Excerpts from a dataset

lemma polymer_activity_le_power:
  fixes l r :: nat and h A0 :: real
  assumes l2: "2 \<le> l" and r3: "3 \<le> r" and inB: "in_B l r n m E"
    and hs: "\<forall>i<n. hs i \<in> {-h, h}" and hn: "high_noise l r A0 h E eta etahat"
    and pol: "polymer E G" and h: "0 < h" "h \<le> 1/8"
    and small1: "h * (real l + \<bar>A0\<bar>) \<le> 1" and small2: "h * real l * (1 + \<bar>A0\<bar>) \<le> 1"
  shows "\<bar>activity E G hs eta etahat\<bar>
           \<le> max (2 ^ l) (4 * 8 ^ r) ^ gsize G * h ^ check_deficiency r G"
proof (rule activity_le_power)
  have GE: "G \<subseteq> E" using pol unfolding polymer_def gen_loop_def by auto
  have finE: "finite E" using inB by (rule in_B_finite)
  fix i assume "i \<in> fst ` G"
  then have i: "i < n" "card (vnbrs E i) = l" using inB GE unfolding in_B_def by force+
  have "\<bar>magn E hs etahat i\<bar> \<le> 4 * h"
    using hs i h by (intro high_noise_magn_bound[OF hn _ _ r3 _ _ small2]) auto
  then have "\<bar>K_var (magn E hs etahat i) (card (vnbrs G i))\<bar> \<le> 2 ^ (card (vnbrs G i) - 1)"
    using h by (intro K_var_bound) auto
  also have "\<dots> \<le> 2 ^ l"
  proof -
    have "card (vnbrs G i) \<le> card (vnbrs E i)"
      using GE by (intro card_mono[OF finite_vnbrs[OF finE]]) (auto simp: vnbrs_def)
    then show ?thesis using i by (intro power_increasing) auto
  qed
  finally show "\<bar>K_var (magn E hs etahat i) (card (vnbrs G i))\<bar> \<le> max (2 ^ l) (4 * 8 ^ r)"
    by simp
next
  have GE: "G \<subseteq> E" using pol unfolding polymer_def gen_loop_def by auto
  have finE: "finite E" using inB by (rule in_B_finite)
  fix a assume "a \<in> snd ` G"
  then have deg: "card (cnbrs E a) = r" using inB GE unfolding in_B_def by force
  define d where "d = card (cnbrs G a)"
  have "\<bar>K_chk E G hs eta etahat a\<bar> \<le> 2 ^ (r + 2) * (4 * h) ^ (r - d)" unfolding d_def
    using GE h l2 r3
    by (intro K_chk_bound[OF finite_cnbrs[OF finE] deg]
        high_noise_tanh_message_bound[OF hn _ _ r3 _ _ small1]) (auto simp: cnbrs_def)
  also have "\<dots> = 4 * 2 ^ r * 4 ^ (r - d) * h ^ (r - d)" by (simp add: power_mult_distrib power_add)
  also have "\<dots> \<le> 4 * 2 ^ r * 4 ^ r * h ^ (r - d)"
    using h by (intro mult_right_mono mult_left_mono power_increasing) auto
  also have "4 * 2 ^ r * 4 ^ r = (4 * 8 ^ r :: real)" by (simp add: power_mult_distrib[symmetric])
  also have "(4 * 8 ^ r) * h ^ (r - d) \<le> max (2 ^ l) (4 * 8 ^ r) * h ^ (r - d)"
    using h by (intro mult_right_mono) auto
  finally show "\<bar>K_chk E G hs eta etahat a\<bar> \<le> max (2 ^ l) (4 * 8 ^ r) * h ^ (r - card (cnbrs G a))"
    unfolding d_def .
qed (use pol h in \<open>auto simp: polymer_def le_max_iff_disj\<close>)

theorem mainTheorem8:
  fixes l r :: nat and kap lam A0 :: real
  assumes "l \<ge> 2" and "r \<ge> 3"
    and "1 - 2 * (real r - 1) / (real l * real r) < kap" and "kap < 1 - 1 / real l"
    and "lam > 0"
  shows "\<exists>h0>0. \<forall>n m E h hs eta etahat G.
     n \<ge> 1 \<longrightarrow> n * l = m * r \<longrightarrow> in_B l r n m E \<longrightarrow> expander l n E lam kap \<longrightarrow>
     0 < h \<longrightarrow> h < h0 \<longrightarrow> (\<forall>i<n. hs i \<in> {-h, h}) \<longrightarrow>
     BP_solution E hs eta etahat \<longrightarrow> high_noise l r A0 h E eta etahat \<longrightarrow>
     polymer E G \<longrightarrow> real (gsize G) < lam * real n \<longrightarrow>
     \<bar>activity E G hs eta etahat\<bar> \<le>
       h powr ((real r - (2 + real r) / (3 - real l * (1 - kap))) / 2 * real (gsize G))"
proof -
  define c where "c = real r - (2 + real r) / (3 - real l * (1 - kap))"
  define B :: real where "B = max (2 ^ l) (4 * 8 ^ r)"
  \<comment> \<open>the first three thresholds make all messages O(h), the last one absorbs B\<close>
  define h0 where "h0 = min (1/8) (min (1 / (real l + \<bar>A0\<bar>))
                          (min (1 / (real l * (1 + \<bar>A0\<bar>))) ((1 / B) powr (2 / c))))"
  have al: "1 < real l * (1 - kap)" "real l * (1 - kap) < 3" and c: "0 < c"
    using kappa_window[of l r kap] assms unfolding c_def by auto
  have B: "1 \<le> B" unfolding B_def by (simp add: le_max_iff_disj)
  have "0 < h0" unfolding h0_def using assms B by (auto intro!: add_pos_nonneg)
  moreover have "\<bar>activity E G hs eta etahat\<bar> \<le> h powr (c / 2 * real (gsize G))"
    if "in_B l r n m E" "expander l n E lam kap" "0 < h" "h < h0" "\<forall>i<n. hs i \<in> {-h, h}"
      "high_noise l r A0 h E eta etahat" "polymer E G" "real (gsize G) < lam * real n"
    for n m E h hs eta etahat G
  proof -
    have h: "h \<le> 1/8" "h * (real l + \<bar>A0\<bar>) \<le> 1" "h * real l * (1 + \<bar>A0\<bar>) \<le> 1"
      "h \<le> (1 / B) powr (2 / c)"
      using that(3,4) assms(1) unfolding h0_def by (auto simp: field_simps add_pos_nonneg)
    have act: "\<bar>activity E G hs eta etahat\<bar> \<le> B ^ gsize G * h ^ check_deficiency r G"
      unfolding B_def using assms(1,2) that(1,3,5,6,7) h(1-3) by (intro polymer_activity_le_power)
    have N: "c * real (gsize G) \<le> real (check_deficiency r G)"
      unfolding c_def using polymer_deficiency_ge[OF assms(2) that(1,2,7,8) al] .
    have "B ^ gsize G * h ^ check_deficiency r G \<le> h powr (c / 2 * real (gsize G))"
      using h(1) by (intro absorb_constant[OF B that(3) _ c h(4) N]) simp
    then show ?thesis using act by (rule order_trans[rotated])
  qed
  ultimately show ?thesis unfolding c_def by auto
qed

end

» **TASK ITEM**: Every line above from the line with "0 < h \<longrightarrow>" to the line with "define h0 where", inclusive, must be returned exactly; no other line belongs in the reply.

» **RESULT**:
     0 < h \<longrightarrow> h < h0 \<longrightarrow> (\<forall>i<n. hs i \<in> {-h, h}) \<longrightarrow>
     BP_solution E hs eta etahat \<longrightarrow> high_noise l r A0 h E eta etahat \<longrightarrow>
     polymer E G \<longrightarrow> real (gsize G) < lam * real n \<longrightarrow>
     \<bar>activity E G hs eta etahat\<bar> \<le>
       h powr ((real r - (2 + real r) / (3 - real l * (1 - kap))) / 2 * real (gsize G))"
proof -
  define c where "c = real r - (2 + real r) / (3 - real l * (1 - kap))"
  define B :: real where "B = max (2 ^ l) (4 * 8 ^ r)"
  \<comment> \<open>the first three thresholds make all messages O(h), the last one absorbs B\<close>
  define h0 where "h0 = min (1/8) (min (1 / (real l + \<bar>A0\<bar>))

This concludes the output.